Pour faire coïncider mon texte avec l’épisode de cette semaine de la série « Backstage » d’Omnikrom, j’ai décidé de raconter une histoire de danseuses nues.
Ce printemps-là, dès la fin des cours au cégep, on s’était planifié une petite excursion au Lac St-Jean. Mes deux potes et moi avions donc mis le cap sur Alma par une quelconque nuit de la mi-mai. Le but du voyage était simple: quitter les préoccupations urbaines, se reposer, et boire de la bière, beaucoup de bière.

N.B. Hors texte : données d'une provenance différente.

(* Let $\mathcal H$ be a connected $As^c$-$Mag$-bialgebra and $e=\mathrm{id}+\sum_{n\ge1}(-1)^n\omega^{n+1}\circ\delta^n:\bar{\mathcal H}\to\bar{\mathcal H}$. Then for every $x\in\bar{\mathcal H}$, $$x=e(x)+\omega_r^2\big((e\otimes e)(\delta^1(x))\big)+\dots+\omega_r^{n+1}\big(e^{\otimes(n+1)}(\delta^n(x))\big)+\cdots,$$ the sum being finite.
   Context: An $As^c$-$Mag$-bialgebra is a vector space $\mathcal H$ over a field with a bilinear product $\cdot$ (not assumed associative) with two-sided unit $1$ and a coassociative counital coproduct $\Delta$ with $\Delta(1)=1\otimes1$ and $\Delta(x\cdot y)=\Delta(x)\cdot(1\otimes y)+(x\otimes1)\cdot\Delta(y)-x\otimes y$, the product on $\mathcal H\otimes\mathcal H$ being componentwise. $\bar{\mathcal H}$ = kernel of the counit; $\delta(x)=\Delta(x)-x\otimes1-1\otimes x$ on $\bar{\mathcal H}$; $\delta^1=\delta$, $\delta^n=(\delta\otimes\mathrm{id}^{\otimes(n-1)})\circ\delta^{n-1}$. Connected means: for each $x\in\bar{\mathcal H}$, $\delta^n(x)=0$ for $n$ large. $\omega^m$ is the left comb ($\omega^1(x)=x$, $\omega^m(x_1,\dots,x_m)=\omega^{m-1}(x_1,\dots,x_{m-1})\cdot x_m$) and $\omega_r^m$ the right comb ($\omega_r^1(x)=x$, $\omega_r^m(x_1,\dots,x_m)=x_1\cdot\omega_r^{m-1}(x_2,\dots,x_m)$), applied to the tensor factors of an element of $\bar{\mathcal H}^{\otimes m}$. *)

theory Defs
  imports Complex_Main
begin

text \<open>
  An element of the tensor power H^(tensor n) (n \<ge> 1) is represented by a
  finite list of pure tensors, each pure tensor x1 \<otimes> ... \<otimes> xn being a list [x1,...,xn]
  of length n; the list denotes the sum of its pure tensors (scalars are absorbed in
  the first factor, the empty list is the zero tensor). Two representatives denote
  the same tensor iff their formal difference lies in the subspace spanned by the
  multilinearity relations, i.e. H^(tensor n) is literally the free vector space on
  n-tuples modulo multilinearity.
\<close>

definition delta_at :: "'a list \<Rightarrow> 'a list \<Rightarrow> 'k::field" where
  "delta_at l = (\<lambda>m. if m = l then 1 else 0)"

inductive_set tens_rel :: "('k::field \<Rightarrow> 'a::ab_group_add \<Rightarrow> 'a) \<Rightarrow> ('a list \<Rightarrow> 'k) set"
  for scale :: "'k::field \<Rightarrow> 'a::ab_group_add \<Rightarrow> 'a" where
  zero: "(\<lambda>_. 0) \<in> tens_rel scale"
| gen_add: "(\<lambda>m. delta_at (xs @ [a + b] @ ys) m - delta_at (xs @ [a] @ ys) m
               - delta_at (xs @ [b] @ ys) m) \<in> tens_rel scale"
| gen_scale: "(\<lambda>m. delta_at (xs @ [scale c a] @ ys) m - c * delta_at (xs @ [a] @ ys) m)
               \<in> tens_rel scale"
| add: "f \<in> tens_rel scale \<Longrightarrow> g \<in> tens_rel scale \<Longrightarrow> (\<lambda>m. f m + g m) \<in> tens_rel scale"
| smult: "f \<in> tens_rel scale \<Longrightarrow> (\<lambda>m. c * f m) \<in> tens_rel scale"

definition fsum :: "'a list list \<Rightarrow> 'a list \<Rightarrow> 'k::field" where
  "fsum ts = (\<lambda>l. of_nat (count_list ts l))"

definition teq :: "('k::field \<Rightarrow> 'a::ab_group_add \<Rightarrow> 'a) \<Rightarrow> 'a list list \<Rightarrow> 'a list list \<Rightarrow> bool" where
  "teq scale ts us \<longleftrightarrow> (\<lambda>l. fsum ts l - fsum us l) \<in> tens_rel scale"

text \<open>Apply a map f : H \<rightarrow> H^(tensor k) (given by representatives) in slot i of every
  pure tensor, i.e. id^(tensor i) \<otimes> f \<otimes> id^(tensor ...).\<close>
definition tmap_slot :: "nat \<Rightarrow> ('a \<Rightarrow> 'a list list) \<Rightarrow> 'a list list \<Rightarrow> 'a list list" where
  "tmap_slot i f ts = concat (map (\<lambda>l. map (\<lambda>p. take i l @ p @ drop (Suc i) l) (f (l ! i))) ts)"

text \<open>Left comb omega^m and right comb omega_r^m on an m-tuple (m \<ge> 1).\<close>
fun lcomb :: "('a \<Rightarrow> 'a \<Rightarrow> 'a) \<Rightarrow> 'a list \<Rightarrow> 'a" where
  "lcomb mult [] = undefined"
| "lcomb mult (x # xs) = foldl mult x xs"

fun rcomb :: "('a \<Rightarrow> 'a \<Rightarrow> 'a) \<Rightarrow> 'a list \<Rightarrow> 'a" where
  "rcomb mult [] = undefined"
| "rcomb mult [x] = x"
| "rcomb mult (x # y # ys) = mult x (rcomb mult (y # ys))"

definition proj :: "('k::field \<Rightarrow> 'a::ab_group_add \<Rightarrow> 'a) \<Rightarrow> ('a \<Rightarrow> 'k) \<Rightarrow> 'a \<Rightarrow> 'a \<Rightarrow> 'a" where
  "proj scale eps u x = x - scale (eps x) u"

text \<open>Reduced coproduct delta(x) = Delta(x) - x\<otimes>1 - 1\<otimes>x, represented with factors in
  H-bar (we apply proj\<otimes>proj, which is the identity on H-bar\<otimes>H-bar, where delta takes
  its values for x in H-bar).\<close>
definition rcoprod :: "('k::field \<Rightarrow> 'a::ab_group_add \<Rightarrow> 'a) \<Rightarrow> ('a \<Rightarrow> 'k) \<Rightarrow> 'a
     \<Rightarrow> ('a \<Rightarrow> 'a list list) \<Rightarrow> 'a \<Rightarrow> 'a list list" where
  "rcoprod scale eps u Delta x =
     map (map (proj scale eps u)) (Delta x @ [[scale (-1) x, u], [u, scale (-1) x]])"

text \<open>Iterated reduced coproduct: dpow 0 x = x, dpow n = (delta \<otimes> id^(n-1)) o dpow (n-1);
  dpow n x represents delta^n(x) in H-bar^(tensor (n+1)).\<close>
fun dpow :: "('k::field \<Rightarrow> 'a::ab_group_add \<Rightarrow> 'a) \<Rightarrow> ('a \<Rightarrow> 'k) \<Rightarrow> 'a
     \<Rightarrow> ('a \<Rightarrow> 'a list list) \<Rightarrow> nat \<Rightarrow> 'a \<Rightarrow> 'a list list" where
  "dpow scale eps u Delta 0 x = [[x]]"
| "dpow scale eps u Delta (Suc n) x = tmap_slot 0 (rcoprod scale eps u Delta) (dpow scale eps u Delta n x)"

definition tapply :: "('a list \<Rightarrow> 'a::ab_group_add) \<Rightarrow> 'a list list \<Rightarrow> 'a" where
  "tapply g ts = sum_list (map g ts)"

definition cdeg :: "('k::field \<Rightarrow> 'a::ab_group_add \<Rightarrow> 'a) \<Rightarrow> ('a \<Rightarrow> 'k) \<Rightarrow> 'a
     \<Rightarrow> ('a \<Rightarrow> 'a list list) \<Rightarrow> 'a \<Rightarrow> nat" where
  "cdeg scale eps u Delta x = (LEAST n. teq scale (dpow scale eps u Delta n x) [])"

text \<open>e = id + sum_{n\<ge>1} (-1)^n omega^(n+1) o delta^n (a finite sum on a connected bialgebra:
  terms with n \<ge> cdeg x vanish).\<close>
definition eproj :: "('k::field \<Rightarrow> 'a::ab_group_add \<Rightarrow> 'a) \<Rightarrow> ('a \<Rightarrow> 'a \<Rightarrow> 'a) \<Rightarrow> ('a \<Rightarrow> 'k) \<Rightarrow> 'a
     \<Rightarrow> ('a \<Rightarrow> 'a list list) \<Rightarrow> 'a \<Rightarrow> 'a" where
  "eproj scale mult eps u Delta x =
     x + (\<Sum>n\<in>{1..<cdeg scale eps u Delta x}.
            scale ((-1) ^ n) (tapply (lcomb mult) (dpow scale eps u Delta n x)))"

definition AsMag_bialgebra ::
  "('k::field \<Rightarrow> 'a::ab_group_add \<Rightarrow> 'a) \<Rightarrow> ('a \<Rightarrow> 'a \<Rightarrow> 'a) \<Rightarrow> 'a \<Rightarrow> ('a \<Rightarrow> 'a list list) \<Rightarrow> ('a \<Rightarrow> 'k) \<Rightarrow> bool"
where
  "AsMag_bialgebra scale mult u Delta eps \<longleftrightarrow>
     vector_space scale
   \<and> (\<forall>x. Vector_Spaces.linear scale scale (mult x))
   \<and> (\<forall>y. Vector_Spaces.linear scale scale (\<lambda>x. mult x y))
   \<and> (\<forall>x. mult u x = x \<and> mult x u = x)
   \<and> (\<forall>x. \<forall>l\<in>set (Delta x). length l = 2)
   \<and> (\<forall>x y. teq scale (Delta (x + y)) (Delta x @ Delta y))
   \<and> (\<forall>c x. teq scale (Delta (scale c x)) (map (\<lambda>l. scale c (l ! 0) # tl l) (Delta x)))
   \<and> (\<forall>x. teq scale (tmap_slot 0 Delta (Delta x)) (tmap_slot 1 Delta (Delta x)))
   \<and> (\<forall>x y. eps (x + y) = eps x + eps y) \<and> (\<forall>c x. eps (scale c x) = c * eps x)
   \<and> (\<forall>x. sum_list (map (\<lambda>l. scale (eps (l ! 0)) (l ! 1)) (Delta x)) = x)
   \<and> (\<forall>x. sum_list (map (\<lambda>l. scale (eps (l ! 1)) (l ! 0)) (Delta x)) = x)
   \<and> teq scale (Delta u) [[u, u]]
   \<and> (\<forall>x y. teq scale (Delta (mult x y))
              (map (\<lambda>l. [mult (l ! 0) u, mult (l ! 1) y]) (Delta x)
               @ map (\<lambda>l. [mult x (l ! 0), mult u (l ! 1)]) (Delta y)
               @ [[scale (-1) x, y]]))"
definition isolated_invariant_set :: "'a::metric_space set \<Rightarrow> 'a set \<Rightarrow> ('a \<Rightarrow> 'a) \<Rightarrow> 'a set \<Rightarrow> bool" where
  "isolated_invariant_set X U f S \<longleftrightarrow> (\<exists>N. isolating_nbhd X U f N \<and> S = Inv f N)"

definition exit_set :: "'a::metric_space set \<Rightarrow> ('a \<Rightarrow> 'a) \<Rightarrow> 'a set \<Rightarrow> 'a set" where
  "exit_set X f N = {x \<in> N. f x \<notin> (top_of_set X) interior_of N}"

definition regular_closed_in :: "'a::metric_space set \<Rightarrow> 'a set \<Rightarrow> bool" where
  "regular_closed_in X A \<longleftrightarrow> (top_of_set X) closure_of ((top_of_set X) interior_of A) = A"

text \<open>Filtration pair (N, L) for S. The domain of f is the open set U, so its interior is U.\<close>
definition filtration_pair :: "'a::metric_space set \<Rightarrow> 'a set \<Rightarrow> ('a \<Rightarrow> 'a) \<Rightarrow> 'a set \<Rightarrow> 'a set \<Rightarrow> 'a set \<Rightarrow> bool" where
  "filtration_pair X U f S N L \<longleftrightarrow>
     compact N \<and> compact L \<and> L \<subseteq> N \<and> N \<subseteq> U \<and>
     regular_closed_in X N \<and> regular_closed_in X L \<and>
     isolating_nbhd X U f ((top_of_set X) closure_of (N - L)) \<and>
     Inv f ((top_of_set X) closure_of (N - L)) = S \<and>
     exit_set X f N \<subseteq> (top_of_set N) interior_of L \<and>
     f ` L \<inter> (top_of_set X) closure_of (N - L) = {}"

text \<open>The pointed quotient space N/L. Points are sets: the class of x \<in> N - L is {x},
  and the base point is L itself (when L = {} this is the extra point {}, disjoint from
  all classes {x}).\<close>
definition pquot :: "'a set \<Rightarrow> 'a \<Rightarrow> 'a set" where
  "pquot L x = (if x \<in> L then L else {x})"

definition quot_carrier :: "'a set \<Rightarrow> 'a set \<Rightarrow> 'a set set" where
  "quot_carrier N L = insert L (pquot L ` N)"

definition quot_open :: "'a::topological_space set \<Rightarrow> 'a set \<Rightarrow> 'a set set \<Rightarrow> bool" where
  "quot_open N L V \<longleftrightarrow> V \<subseteq> quot_carrier N L \<and> openin (top_of_set N) {x \<in> N. pquot L x \<in> V}"

lemma istopology_quot_open: "istopology (quot_open N L)"
  unfolding istopology_def quot_open_def
proof (intro conjI allI impI)
  fix S T assume h: "S \<subseteq> quot_carrier N L \<and> openin (top_of_set N) {x \<in> N. pquot L x \<in> S}"
    "T \<subseteq> quot_carrier N L \<and> openin (top_of_set N) {x \<in> N. pquot L x \<in> T}"
  show "S \<inter> T \<subseteq> quot_carrier N L" using h by blast
  have "{x \<in> N. pquot L x \<in> S \<inter> T} = {x \<in> N. pquot L x \<in> S} \<inter> {x \<in> N. pquot L x \<in> T}" by blast
  then show "openin (top_of_set N) {x \<in> N. pquot L x \<in> S \<inter> T}" using h by (simp add: openin_Int)
next
  fix K assume h: "\<forall>S\<in>K. S \<subseteq> quot_carrier N L \<and> openin (top_of_set N) {x \<in> N. pquot L x \<in> S}"
  show "\<Union>K \<subseteq> quot_carrier N L" using h by blast
  have "{x \<in> N. pquot L x \<in> \<Union>K} = (\<Union>S\<in>K. {x \<in> N. pquot L x \<in> S})" by blast
  then show "openin (top_of_set N) {x \<in> N. pquot L x \<in> \<Union>K}" using h by (auto intro!: openin_Union)
qed

definition quot_space :: "'a::topological_space set \<Rightarrow> 'a set \<Rightarrow> 'a set topology" where
  "quot_space N L = topology (quot_open N L)"

lemma openin_quot_space: "openin (quot_space N L) V \<longleftrightarrow> quot_open N L V"
  unfolding quot_space_def by (simp add: istopology_quot_open)

definition fP :: "'a set \<Rightarrow> 'a set \<Rightarrow> ('a \<Rightarrow> 'a) \<Rightarrow> 'a set \<Rightarrow> 'a set" where
  "fP N L f y = (if y = L then L else pquot L (f (the_elem y)))"

definition shift_equivalent ::
  "'b topology \<Rightarrow> 'b \<Rightarrow> ('b \<Rightarrow> 'b) \<Rightarrow> 'c topology \<Rightarrow> 'c \<Rightarrow> ('c \<Rightarrow> 'c) \<Rightarrow> bool" where
  "shift_equivalent Y y0 F Y' y0' G \<longleftrightarrow>
     (\<exists>m::nat. m > 0 \<and> (\<exists>r s.
        continuous_map Y Y' r \<and> continuous_map Y' Y s \<and> r y0 = y0' \<and> s y0' = y0 \<and>
        (\<forall>y\<in>topspace Y. r (F y) = G (r y)) \<and>
        (\<forall>y\<in>topspace Y'. s (G y) = F (s y)) \<and>
        (\<forall>y\<in>topspace Y. s (r y) = (F ^^ m) y) \<and>
        (\<forall>y\<in>topspace Y'. r (s y) = (G ^^ m) y)))"

end

theory Submission
  imports Defs
begin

Je fast-forwarde dans le temps sur les trois premiers jours du périple parce que ça n’a rien à voir avec ce que je veux raconter. En résumé, les missions étaient accomplies, et il ne nous restait plus qu’à rentrer sagement à la maison, via notre dernière escale, La Tuque. Nous avons fait notre entrée dans le village vers midi, et franchement, c’était comme au Far-West. Les locaux nous regardaient de haut en se demandant ce que ces étrangers pouvaient bien leur vouloir; tandis que les Amérindiens avaient l’air d’être au pays des Esprits, probablement à cause du calumet et/ou du propane…La rumeur de notre arrivée s’est propagée comme la petite vérole.
Il n’y a pas grand-chose à faire à Tuqueville. C’est pourquoi nous nous sommes acheté une paquet de 24 Wildcat en canettes, et que nous sommes allés nous inventer un jeu avec une superballe sur le mur d’une gare abandonnée. Les 24 canettes se sont transformées en 48 et la nuit est tombée…Désinhibés, il n’y avait pas 36 solutions. On voulait faire du tourisme exotique et tout ce que la municipalité avait à nous proposer, c’était son bar de danseuses. Je pense que ça s’appelait le Cactus ou le Crocodile ou l’Iguane, quelque chose comme ça…
Dans le bar, il y avait environ deux clients: un motard et un vieillard. Il y avait aussi une danseuse en plein spectacle. C’était l’essentiel, on était contents. Quand la chanson s’est terminée, elle est sortie de piste et elle est montée à l’étage, suivie par le vieillard. Nous avons attendu la prochaine danseuse. Longtemps, longtemps…Au bout d’une heure, l’effeuilleuse initiale est redescendue dans le bar en comptant des dollars et elle est revenue sur scène. C’est à ce moment qu’on a compris qu’on était pas dans un bar de danseuses, mais plutôt dans un bar de danseuse.
Quand la toune a fini, c’est un de mes amis qui s’est levé et qui l’a suivi jusqu’au deuxième. J’étais abasourdi. Il est revenu quinze minutes plus tard, appauvri de soixante dollars. Soixante piasses pour une pipe, c’est cher payé. Mais ivresse oblige, je m’étais mis next.
Entretemps, mon autre ami s’était lié d’amitié avec le motard. Leur union fut cependant de courte durée. Pour une raison toujours inexpliquée, des chaises se sont envolées en direction de mon pote, propulsées par la rage du gros barbu. La confrontation était inutile; nous étions en pleine guerre de motards, et avoir ma face dans le journal à côté de « Nouvelle victime innocente » ne m’enchantait guère. Nous avons pris la poudre d’escampette juste avant que je fasse la dépense la plus honteuse de toute ma vie.